> **WORK TO BE COMPLETED**
Below are records; reproduce exactly the lines from the one that has "else pd (Tb n) (pd" through the one that has "terms coming from", ends included, and nothing more.
..........
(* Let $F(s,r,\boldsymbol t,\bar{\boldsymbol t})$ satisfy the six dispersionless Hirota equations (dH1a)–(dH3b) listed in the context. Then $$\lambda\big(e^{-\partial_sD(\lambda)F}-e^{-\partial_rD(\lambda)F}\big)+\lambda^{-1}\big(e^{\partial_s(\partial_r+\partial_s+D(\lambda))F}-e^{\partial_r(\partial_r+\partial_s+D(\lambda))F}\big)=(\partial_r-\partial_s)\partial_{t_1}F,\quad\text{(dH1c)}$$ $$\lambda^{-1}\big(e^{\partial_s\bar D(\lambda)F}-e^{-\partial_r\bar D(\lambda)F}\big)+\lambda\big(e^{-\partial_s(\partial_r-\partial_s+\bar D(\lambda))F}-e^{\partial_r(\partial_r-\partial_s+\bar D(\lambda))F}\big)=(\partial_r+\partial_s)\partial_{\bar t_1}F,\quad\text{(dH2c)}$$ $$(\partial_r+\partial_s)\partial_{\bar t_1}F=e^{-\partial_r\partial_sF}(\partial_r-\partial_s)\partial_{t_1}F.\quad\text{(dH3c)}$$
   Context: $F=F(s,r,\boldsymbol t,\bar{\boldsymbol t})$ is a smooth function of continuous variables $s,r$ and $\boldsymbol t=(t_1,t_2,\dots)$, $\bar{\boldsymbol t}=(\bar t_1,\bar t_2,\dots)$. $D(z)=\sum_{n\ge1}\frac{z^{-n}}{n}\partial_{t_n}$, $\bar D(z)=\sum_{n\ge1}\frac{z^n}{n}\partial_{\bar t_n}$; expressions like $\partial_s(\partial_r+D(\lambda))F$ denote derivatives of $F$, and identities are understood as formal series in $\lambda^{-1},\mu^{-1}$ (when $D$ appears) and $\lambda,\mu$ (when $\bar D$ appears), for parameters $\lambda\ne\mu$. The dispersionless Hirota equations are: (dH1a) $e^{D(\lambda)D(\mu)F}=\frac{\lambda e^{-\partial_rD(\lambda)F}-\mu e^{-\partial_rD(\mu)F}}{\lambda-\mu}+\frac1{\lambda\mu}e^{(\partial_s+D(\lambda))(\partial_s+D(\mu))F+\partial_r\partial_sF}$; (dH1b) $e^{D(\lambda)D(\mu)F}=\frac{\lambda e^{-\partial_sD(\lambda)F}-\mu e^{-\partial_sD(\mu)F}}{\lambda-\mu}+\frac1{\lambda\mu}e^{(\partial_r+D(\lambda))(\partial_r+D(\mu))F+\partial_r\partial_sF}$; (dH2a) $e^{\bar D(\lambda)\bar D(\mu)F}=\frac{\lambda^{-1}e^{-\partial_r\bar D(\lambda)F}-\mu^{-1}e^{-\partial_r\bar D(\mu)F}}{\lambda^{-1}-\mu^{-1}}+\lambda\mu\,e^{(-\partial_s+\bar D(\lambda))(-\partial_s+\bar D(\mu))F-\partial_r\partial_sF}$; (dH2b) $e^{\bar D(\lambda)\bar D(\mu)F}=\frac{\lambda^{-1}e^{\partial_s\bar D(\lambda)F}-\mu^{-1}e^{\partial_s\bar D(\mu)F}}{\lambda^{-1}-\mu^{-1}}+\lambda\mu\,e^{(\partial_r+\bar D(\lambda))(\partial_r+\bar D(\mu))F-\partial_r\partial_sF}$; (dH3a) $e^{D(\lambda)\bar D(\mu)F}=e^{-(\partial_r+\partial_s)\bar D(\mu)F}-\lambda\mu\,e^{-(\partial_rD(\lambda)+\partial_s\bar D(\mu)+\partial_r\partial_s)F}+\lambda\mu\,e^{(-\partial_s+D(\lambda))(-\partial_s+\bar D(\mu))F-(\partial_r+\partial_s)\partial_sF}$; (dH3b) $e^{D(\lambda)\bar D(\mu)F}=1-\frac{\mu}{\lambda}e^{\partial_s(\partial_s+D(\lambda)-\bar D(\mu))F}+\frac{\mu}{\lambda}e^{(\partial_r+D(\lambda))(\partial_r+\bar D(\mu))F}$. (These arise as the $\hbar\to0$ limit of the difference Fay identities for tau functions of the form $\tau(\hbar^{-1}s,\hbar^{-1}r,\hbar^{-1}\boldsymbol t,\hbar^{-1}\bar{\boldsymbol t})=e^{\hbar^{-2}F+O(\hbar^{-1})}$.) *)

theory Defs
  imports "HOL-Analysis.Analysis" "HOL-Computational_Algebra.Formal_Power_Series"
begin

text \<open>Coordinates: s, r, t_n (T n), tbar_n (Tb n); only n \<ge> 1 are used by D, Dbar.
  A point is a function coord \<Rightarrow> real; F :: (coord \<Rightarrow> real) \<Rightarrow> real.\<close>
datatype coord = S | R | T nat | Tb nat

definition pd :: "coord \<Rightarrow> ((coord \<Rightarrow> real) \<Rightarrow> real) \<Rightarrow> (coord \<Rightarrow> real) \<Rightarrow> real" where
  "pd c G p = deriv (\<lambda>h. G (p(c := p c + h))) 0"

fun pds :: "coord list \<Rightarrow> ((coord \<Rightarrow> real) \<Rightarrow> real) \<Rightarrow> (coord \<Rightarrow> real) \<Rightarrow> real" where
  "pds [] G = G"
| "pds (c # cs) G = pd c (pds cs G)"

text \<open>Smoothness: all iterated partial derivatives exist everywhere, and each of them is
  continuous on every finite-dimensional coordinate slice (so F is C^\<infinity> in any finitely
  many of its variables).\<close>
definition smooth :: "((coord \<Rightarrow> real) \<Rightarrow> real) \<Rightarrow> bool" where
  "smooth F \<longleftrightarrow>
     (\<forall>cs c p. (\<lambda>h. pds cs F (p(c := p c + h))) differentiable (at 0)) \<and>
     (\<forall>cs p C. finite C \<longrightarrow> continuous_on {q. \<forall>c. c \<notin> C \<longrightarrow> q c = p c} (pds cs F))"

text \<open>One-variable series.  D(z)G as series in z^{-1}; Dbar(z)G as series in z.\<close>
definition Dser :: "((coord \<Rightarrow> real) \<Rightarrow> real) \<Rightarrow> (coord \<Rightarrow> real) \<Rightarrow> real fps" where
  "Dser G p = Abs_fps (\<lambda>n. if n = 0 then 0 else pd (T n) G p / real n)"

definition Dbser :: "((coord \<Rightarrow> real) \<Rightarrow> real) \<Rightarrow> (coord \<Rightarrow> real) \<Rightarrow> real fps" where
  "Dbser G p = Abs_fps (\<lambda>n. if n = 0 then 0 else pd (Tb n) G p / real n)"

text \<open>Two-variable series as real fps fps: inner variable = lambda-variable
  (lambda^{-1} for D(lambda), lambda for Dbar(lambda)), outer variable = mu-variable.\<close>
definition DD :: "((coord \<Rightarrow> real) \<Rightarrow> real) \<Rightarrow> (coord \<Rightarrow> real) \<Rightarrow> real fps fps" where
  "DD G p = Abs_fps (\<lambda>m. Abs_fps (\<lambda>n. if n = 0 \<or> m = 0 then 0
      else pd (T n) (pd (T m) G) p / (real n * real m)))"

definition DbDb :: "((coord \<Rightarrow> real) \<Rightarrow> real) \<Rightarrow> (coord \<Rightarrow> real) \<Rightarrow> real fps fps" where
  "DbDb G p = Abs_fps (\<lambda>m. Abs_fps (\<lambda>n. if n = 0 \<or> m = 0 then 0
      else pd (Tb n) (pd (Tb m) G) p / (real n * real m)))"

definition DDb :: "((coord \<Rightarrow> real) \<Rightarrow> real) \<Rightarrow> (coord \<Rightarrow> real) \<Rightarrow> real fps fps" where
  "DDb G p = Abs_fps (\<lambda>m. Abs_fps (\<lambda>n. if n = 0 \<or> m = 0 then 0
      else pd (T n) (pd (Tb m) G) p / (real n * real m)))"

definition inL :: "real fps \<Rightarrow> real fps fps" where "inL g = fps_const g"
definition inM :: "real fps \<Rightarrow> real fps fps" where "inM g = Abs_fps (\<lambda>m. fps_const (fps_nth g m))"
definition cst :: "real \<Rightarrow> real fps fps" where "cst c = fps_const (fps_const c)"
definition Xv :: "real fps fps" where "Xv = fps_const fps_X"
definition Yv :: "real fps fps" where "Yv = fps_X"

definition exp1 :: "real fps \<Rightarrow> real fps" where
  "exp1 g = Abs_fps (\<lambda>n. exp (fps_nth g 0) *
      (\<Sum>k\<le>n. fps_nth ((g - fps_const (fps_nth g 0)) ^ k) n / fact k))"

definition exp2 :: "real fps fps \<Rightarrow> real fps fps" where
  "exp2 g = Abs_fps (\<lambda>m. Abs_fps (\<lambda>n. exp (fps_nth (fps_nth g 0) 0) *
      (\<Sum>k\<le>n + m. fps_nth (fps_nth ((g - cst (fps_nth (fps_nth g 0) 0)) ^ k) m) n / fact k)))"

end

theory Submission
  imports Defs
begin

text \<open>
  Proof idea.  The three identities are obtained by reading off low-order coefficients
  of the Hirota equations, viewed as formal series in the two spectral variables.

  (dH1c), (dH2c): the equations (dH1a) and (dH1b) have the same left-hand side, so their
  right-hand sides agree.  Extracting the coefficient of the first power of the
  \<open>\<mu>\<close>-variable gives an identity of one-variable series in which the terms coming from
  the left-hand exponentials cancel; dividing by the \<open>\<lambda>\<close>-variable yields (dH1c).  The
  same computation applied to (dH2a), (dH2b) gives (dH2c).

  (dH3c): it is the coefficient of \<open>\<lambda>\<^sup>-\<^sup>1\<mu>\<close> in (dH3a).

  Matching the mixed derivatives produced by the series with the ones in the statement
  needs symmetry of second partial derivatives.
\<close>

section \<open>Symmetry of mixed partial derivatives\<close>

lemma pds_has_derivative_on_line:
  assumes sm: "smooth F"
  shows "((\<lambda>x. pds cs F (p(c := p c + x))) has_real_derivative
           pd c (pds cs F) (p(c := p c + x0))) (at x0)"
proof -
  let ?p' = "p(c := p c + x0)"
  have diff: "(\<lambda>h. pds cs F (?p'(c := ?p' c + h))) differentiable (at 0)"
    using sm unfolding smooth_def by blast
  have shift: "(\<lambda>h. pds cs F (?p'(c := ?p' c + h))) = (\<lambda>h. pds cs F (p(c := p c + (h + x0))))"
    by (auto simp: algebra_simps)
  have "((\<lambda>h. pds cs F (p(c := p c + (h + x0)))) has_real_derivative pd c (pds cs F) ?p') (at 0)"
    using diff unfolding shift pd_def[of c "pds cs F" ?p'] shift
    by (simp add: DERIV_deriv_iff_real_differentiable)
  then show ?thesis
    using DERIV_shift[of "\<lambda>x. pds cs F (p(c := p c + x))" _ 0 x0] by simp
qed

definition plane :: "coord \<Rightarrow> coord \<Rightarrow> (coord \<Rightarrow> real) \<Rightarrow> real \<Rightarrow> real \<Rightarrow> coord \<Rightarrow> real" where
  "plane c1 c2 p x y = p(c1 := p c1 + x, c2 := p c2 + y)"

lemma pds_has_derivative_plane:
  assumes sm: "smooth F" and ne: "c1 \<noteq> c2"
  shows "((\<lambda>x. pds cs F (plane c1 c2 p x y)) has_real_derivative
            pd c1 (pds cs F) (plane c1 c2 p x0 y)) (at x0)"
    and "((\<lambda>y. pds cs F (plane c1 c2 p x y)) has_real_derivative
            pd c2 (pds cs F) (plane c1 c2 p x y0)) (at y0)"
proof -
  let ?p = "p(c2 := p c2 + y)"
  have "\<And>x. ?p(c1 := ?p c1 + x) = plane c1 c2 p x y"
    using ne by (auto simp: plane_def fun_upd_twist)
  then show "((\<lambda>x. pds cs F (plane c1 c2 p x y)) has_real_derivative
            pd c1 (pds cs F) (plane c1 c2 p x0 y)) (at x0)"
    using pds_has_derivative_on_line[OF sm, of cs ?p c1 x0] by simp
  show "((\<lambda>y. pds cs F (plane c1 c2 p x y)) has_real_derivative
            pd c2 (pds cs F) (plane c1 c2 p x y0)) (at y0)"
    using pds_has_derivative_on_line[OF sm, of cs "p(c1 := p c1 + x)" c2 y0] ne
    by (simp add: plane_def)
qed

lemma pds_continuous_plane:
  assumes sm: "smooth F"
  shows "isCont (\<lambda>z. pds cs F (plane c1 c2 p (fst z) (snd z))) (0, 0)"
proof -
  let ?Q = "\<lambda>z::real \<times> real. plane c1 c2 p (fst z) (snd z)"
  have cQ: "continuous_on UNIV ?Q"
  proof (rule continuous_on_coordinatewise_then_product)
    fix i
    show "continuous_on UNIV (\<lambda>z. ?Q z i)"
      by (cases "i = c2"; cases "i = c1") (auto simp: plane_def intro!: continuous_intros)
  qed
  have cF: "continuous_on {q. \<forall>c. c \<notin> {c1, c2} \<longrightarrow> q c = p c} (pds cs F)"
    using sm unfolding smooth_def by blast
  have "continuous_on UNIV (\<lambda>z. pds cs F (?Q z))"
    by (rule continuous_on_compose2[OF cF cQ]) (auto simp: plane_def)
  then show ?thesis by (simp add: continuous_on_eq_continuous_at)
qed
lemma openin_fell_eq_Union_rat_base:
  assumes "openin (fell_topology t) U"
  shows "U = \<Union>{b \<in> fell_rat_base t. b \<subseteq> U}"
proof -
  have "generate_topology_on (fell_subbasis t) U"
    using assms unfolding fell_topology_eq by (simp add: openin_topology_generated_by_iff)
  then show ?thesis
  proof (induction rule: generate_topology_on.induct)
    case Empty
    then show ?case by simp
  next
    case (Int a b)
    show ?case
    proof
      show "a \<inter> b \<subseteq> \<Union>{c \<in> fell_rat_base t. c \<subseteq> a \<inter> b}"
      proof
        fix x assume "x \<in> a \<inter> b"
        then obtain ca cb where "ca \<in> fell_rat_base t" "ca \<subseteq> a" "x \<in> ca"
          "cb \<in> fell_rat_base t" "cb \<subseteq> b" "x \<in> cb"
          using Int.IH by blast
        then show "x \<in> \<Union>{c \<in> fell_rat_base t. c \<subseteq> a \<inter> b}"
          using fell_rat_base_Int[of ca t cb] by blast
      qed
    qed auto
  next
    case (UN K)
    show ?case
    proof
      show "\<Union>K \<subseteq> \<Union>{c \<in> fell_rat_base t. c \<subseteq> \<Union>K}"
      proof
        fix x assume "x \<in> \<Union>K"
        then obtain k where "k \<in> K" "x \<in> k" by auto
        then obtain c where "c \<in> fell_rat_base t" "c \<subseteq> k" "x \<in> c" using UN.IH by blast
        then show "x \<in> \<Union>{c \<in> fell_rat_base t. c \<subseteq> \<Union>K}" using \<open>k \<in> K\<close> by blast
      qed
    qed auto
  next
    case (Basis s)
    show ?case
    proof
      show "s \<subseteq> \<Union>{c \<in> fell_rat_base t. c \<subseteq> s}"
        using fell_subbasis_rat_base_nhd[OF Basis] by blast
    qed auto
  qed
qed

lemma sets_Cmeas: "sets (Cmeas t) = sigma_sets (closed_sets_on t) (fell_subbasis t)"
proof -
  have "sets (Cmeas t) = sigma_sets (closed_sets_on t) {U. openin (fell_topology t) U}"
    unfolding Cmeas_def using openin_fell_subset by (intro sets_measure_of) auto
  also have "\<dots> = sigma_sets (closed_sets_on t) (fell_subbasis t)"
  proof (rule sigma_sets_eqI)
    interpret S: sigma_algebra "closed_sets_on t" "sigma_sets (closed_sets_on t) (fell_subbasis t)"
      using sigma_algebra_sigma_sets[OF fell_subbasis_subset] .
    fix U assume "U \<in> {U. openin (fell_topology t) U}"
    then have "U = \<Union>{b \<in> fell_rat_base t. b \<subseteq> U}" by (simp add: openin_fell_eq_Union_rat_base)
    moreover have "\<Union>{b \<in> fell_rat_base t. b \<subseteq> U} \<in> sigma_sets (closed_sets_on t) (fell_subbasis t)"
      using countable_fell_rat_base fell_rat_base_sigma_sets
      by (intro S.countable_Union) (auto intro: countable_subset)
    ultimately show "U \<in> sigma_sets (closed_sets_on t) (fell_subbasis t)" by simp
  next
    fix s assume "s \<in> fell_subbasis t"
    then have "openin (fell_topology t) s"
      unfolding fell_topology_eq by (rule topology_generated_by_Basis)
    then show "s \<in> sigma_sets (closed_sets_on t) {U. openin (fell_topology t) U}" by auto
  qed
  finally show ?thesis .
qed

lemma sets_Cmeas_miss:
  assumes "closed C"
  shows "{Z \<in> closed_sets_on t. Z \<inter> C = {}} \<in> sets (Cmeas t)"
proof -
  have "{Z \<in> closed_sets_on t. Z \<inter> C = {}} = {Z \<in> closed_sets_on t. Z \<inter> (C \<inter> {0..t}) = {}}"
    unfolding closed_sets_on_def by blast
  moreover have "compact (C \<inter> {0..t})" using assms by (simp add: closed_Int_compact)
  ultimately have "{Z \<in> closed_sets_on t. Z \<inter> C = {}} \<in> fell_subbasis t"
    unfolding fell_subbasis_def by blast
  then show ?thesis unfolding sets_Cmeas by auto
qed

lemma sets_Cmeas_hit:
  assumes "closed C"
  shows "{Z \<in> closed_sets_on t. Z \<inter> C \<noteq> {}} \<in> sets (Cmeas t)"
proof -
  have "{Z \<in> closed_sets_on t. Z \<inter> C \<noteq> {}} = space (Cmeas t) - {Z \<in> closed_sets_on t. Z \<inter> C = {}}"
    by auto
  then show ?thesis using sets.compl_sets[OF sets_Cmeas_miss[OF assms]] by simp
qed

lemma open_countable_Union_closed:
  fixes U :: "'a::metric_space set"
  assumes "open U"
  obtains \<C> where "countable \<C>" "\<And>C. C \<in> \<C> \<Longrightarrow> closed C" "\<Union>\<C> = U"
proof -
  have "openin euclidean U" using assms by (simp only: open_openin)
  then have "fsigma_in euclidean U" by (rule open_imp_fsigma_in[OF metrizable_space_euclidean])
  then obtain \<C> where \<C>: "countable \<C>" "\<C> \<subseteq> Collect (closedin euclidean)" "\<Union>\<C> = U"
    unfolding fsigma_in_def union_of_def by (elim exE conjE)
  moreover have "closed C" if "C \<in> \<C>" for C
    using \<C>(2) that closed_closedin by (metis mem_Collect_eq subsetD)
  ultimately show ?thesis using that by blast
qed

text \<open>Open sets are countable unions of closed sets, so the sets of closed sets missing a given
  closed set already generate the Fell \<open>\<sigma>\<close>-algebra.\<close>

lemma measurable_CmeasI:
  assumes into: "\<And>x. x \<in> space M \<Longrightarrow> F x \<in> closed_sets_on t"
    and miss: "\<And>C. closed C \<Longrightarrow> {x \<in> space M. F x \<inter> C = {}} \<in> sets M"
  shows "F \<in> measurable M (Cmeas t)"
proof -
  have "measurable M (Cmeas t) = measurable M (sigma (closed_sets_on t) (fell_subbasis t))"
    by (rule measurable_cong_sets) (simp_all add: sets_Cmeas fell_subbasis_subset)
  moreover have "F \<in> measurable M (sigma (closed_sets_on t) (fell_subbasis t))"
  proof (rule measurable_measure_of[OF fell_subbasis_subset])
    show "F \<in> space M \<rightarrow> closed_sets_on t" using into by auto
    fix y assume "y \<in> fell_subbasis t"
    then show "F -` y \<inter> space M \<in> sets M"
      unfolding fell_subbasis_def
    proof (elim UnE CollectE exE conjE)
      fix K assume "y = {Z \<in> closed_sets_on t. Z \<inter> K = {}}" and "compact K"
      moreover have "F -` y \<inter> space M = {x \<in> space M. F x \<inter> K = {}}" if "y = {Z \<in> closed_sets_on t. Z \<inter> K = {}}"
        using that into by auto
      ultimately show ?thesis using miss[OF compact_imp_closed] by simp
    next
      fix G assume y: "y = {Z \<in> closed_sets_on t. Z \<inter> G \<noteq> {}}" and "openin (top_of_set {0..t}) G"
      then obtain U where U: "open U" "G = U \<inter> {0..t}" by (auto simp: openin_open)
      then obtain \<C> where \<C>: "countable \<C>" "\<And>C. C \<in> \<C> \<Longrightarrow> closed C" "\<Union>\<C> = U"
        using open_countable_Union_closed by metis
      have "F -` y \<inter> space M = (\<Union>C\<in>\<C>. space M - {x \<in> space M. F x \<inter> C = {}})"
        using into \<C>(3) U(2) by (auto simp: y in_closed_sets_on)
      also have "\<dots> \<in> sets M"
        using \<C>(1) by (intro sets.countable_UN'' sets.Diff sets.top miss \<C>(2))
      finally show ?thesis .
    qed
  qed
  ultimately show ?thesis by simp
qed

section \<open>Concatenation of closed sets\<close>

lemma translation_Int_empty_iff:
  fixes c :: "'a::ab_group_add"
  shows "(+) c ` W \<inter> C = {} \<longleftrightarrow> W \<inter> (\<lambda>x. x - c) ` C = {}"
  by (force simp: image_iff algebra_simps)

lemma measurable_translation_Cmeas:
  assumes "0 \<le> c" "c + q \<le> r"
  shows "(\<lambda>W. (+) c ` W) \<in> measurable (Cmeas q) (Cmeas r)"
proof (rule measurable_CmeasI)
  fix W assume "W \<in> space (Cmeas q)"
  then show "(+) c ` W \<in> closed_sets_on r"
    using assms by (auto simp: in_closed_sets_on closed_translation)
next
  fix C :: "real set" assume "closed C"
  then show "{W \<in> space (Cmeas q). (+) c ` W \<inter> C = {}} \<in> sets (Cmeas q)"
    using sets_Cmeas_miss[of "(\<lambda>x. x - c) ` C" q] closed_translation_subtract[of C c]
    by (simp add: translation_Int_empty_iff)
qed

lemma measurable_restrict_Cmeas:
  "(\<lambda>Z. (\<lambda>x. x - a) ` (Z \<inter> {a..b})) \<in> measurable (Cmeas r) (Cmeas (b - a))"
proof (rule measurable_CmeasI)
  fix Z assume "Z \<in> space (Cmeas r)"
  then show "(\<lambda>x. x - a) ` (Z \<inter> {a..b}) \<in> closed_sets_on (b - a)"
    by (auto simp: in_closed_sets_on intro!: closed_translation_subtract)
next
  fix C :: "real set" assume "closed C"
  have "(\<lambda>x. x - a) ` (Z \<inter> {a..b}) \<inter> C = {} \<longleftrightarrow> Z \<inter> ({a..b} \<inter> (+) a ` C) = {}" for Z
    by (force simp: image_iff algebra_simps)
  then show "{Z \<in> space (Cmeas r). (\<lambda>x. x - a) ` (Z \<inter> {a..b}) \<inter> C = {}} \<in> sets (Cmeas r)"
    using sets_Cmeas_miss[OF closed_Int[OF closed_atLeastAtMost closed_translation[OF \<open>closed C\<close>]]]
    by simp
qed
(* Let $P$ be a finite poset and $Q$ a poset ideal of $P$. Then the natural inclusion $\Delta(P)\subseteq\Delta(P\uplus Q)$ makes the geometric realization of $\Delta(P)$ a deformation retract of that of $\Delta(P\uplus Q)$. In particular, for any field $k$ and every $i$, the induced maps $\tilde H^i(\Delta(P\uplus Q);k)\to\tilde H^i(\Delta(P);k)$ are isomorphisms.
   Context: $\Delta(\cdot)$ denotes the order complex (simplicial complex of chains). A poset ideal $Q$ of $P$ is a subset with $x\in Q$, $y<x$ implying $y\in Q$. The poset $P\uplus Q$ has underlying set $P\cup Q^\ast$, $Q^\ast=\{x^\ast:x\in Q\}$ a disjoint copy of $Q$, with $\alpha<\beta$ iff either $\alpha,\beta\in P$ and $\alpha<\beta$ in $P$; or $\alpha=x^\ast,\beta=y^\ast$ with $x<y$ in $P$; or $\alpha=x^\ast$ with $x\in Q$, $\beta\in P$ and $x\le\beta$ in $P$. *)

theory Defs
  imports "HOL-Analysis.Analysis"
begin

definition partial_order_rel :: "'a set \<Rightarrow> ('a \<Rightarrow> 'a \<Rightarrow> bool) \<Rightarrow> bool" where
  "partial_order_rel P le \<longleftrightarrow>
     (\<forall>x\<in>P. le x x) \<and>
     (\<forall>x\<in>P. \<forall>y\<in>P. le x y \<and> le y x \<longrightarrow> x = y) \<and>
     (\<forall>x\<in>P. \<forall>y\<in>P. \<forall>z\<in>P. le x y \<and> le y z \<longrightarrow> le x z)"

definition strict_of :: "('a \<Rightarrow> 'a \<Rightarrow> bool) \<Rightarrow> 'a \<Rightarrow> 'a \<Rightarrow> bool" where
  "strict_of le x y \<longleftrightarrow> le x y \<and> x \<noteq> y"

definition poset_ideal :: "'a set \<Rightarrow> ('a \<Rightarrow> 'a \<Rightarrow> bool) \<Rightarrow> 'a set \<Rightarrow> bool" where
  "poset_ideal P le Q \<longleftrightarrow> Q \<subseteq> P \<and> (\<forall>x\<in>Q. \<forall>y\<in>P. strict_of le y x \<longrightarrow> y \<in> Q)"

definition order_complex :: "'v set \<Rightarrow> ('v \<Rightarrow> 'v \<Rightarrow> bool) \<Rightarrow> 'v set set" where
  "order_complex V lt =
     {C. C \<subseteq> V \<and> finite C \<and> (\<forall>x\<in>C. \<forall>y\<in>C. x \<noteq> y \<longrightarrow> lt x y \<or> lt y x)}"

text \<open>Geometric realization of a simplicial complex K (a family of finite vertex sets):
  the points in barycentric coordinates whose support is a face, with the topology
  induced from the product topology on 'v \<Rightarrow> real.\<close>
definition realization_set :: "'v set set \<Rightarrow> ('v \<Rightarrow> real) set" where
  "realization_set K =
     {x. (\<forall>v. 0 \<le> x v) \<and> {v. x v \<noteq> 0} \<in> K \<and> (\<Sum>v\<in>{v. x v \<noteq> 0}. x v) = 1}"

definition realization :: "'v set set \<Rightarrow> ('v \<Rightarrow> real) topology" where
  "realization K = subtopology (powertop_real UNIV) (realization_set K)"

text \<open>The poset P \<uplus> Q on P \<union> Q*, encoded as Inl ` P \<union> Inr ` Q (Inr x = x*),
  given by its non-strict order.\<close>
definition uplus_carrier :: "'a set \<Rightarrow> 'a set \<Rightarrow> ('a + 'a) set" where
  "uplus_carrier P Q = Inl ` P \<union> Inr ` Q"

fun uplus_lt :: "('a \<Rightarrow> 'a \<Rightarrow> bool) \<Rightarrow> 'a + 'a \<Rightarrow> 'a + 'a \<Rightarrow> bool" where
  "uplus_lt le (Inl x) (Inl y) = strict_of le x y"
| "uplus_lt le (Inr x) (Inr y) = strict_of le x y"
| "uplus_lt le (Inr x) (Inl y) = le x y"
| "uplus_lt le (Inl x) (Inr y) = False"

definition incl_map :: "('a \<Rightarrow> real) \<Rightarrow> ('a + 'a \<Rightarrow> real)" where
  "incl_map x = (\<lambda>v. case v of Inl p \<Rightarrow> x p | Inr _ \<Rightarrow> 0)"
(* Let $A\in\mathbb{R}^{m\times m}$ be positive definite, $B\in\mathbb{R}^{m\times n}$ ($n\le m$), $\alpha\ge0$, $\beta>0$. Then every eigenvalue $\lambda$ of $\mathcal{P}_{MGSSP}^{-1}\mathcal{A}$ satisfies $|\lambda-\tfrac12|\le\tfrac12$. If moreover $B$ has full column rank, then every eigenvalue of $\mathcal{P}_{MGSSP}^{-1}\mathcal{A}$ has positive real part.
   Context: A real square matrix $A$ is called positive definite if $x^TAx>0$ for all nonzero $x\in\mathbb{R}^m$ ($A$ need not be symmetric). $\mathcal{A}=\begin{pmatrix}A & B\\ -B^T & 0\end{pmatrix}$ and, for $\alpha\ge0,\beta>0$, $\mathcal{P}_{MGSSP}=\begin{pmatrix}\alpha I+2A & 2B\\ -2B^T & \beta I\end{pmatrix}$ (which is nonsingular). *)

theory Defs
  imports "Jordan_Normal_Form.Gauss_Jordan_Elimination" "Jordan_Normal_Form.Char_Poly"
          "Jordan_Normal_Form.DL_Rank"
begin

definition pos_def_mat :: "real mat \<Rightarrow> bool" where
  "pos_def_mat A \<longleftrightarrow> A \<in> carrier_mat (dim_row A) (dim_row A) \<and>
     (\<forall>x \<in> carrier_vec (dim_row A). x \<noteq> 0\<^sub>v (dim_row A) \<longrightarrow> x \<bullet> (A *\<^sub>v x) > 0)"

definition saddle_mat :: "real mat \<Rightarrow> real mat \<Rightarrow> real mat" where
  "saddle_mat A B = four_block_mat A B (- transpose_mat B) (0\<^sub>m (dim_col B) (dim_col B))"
..........
> **SOLVED EXERCISE**
      else pd (Tb n) (pd (Tb m) G) p / (real n * real m)))"

definition DDb :: "((coord \<Rightarrow> real) \<Rightarrow> real) \<Rightarrow> (coord \<Rightarrow> real) \<Rightarrow> real fps fps" where
  "DDb G p = Abs_fps (\<lambda>m. Abs_fps (\<lambda>n. if n = 0 \<or> m = 0 then 0
      else pd (T n) (pd (Tb m) G) p / (real n * real m)))"

definition inL :: "real fps \<Rightarrow> real fps fps" where "inL g = fps_const g"
definition inM :: "real fps \<Rightarrow> real fps fps" where "inM g = Abs_fps (\<lambda>m. fps_const (fps_nth g m))"
definition cst :: "real \<Rightarrow> real fps fps" where "cst c = fps_const (fps_const c)"
definition Xv :: "real fps fps" where "Xv = fps_const fps_X"
definition Yv :: "real fps fps" where "Yv = fps_X"

definition exp1 :: "real fps \<Rightarrow> real fps" where
  "exp1 g = Abs_fps (\<lambda>n. exp (fps_nth g 0) *
      (\<Sum>k\<le>n. fps_nth ((g - fps_const (fps_nth g 0)) ^ k) n / fact k))"

definition exp2 :: "real fps fps \<Rightarrow> real fps fps" where
  "exp2 g = Abs_fps (\<lambda>m. Abs_fps (\<lambda>n. exp (fps_nth (fps_nth g 0) 0) *
      (\<Sum>k\<le>n + m. fps_nth (fps_nth ((g - cst (fps_nth (fps_nth g 0) 0)) ^ k) m) n / fact k)))"

end

theory Submission
  imports Defs
begin

text \<open>
  Proof idea.  The three identities are obtained by reading off low-order coefficients
  of the Hirota equations, viewed as formal series in the two spectral variables.

  (dH1c), (dH2c): the equations (dH1a) and (dH1b) have the same left-hand side, so their
  right-hand sides agree.  Extracting the coefficient of the first power of the
  \<open>\<mu>\<close>-variable gives an identity of one-variable series in which the terms coming from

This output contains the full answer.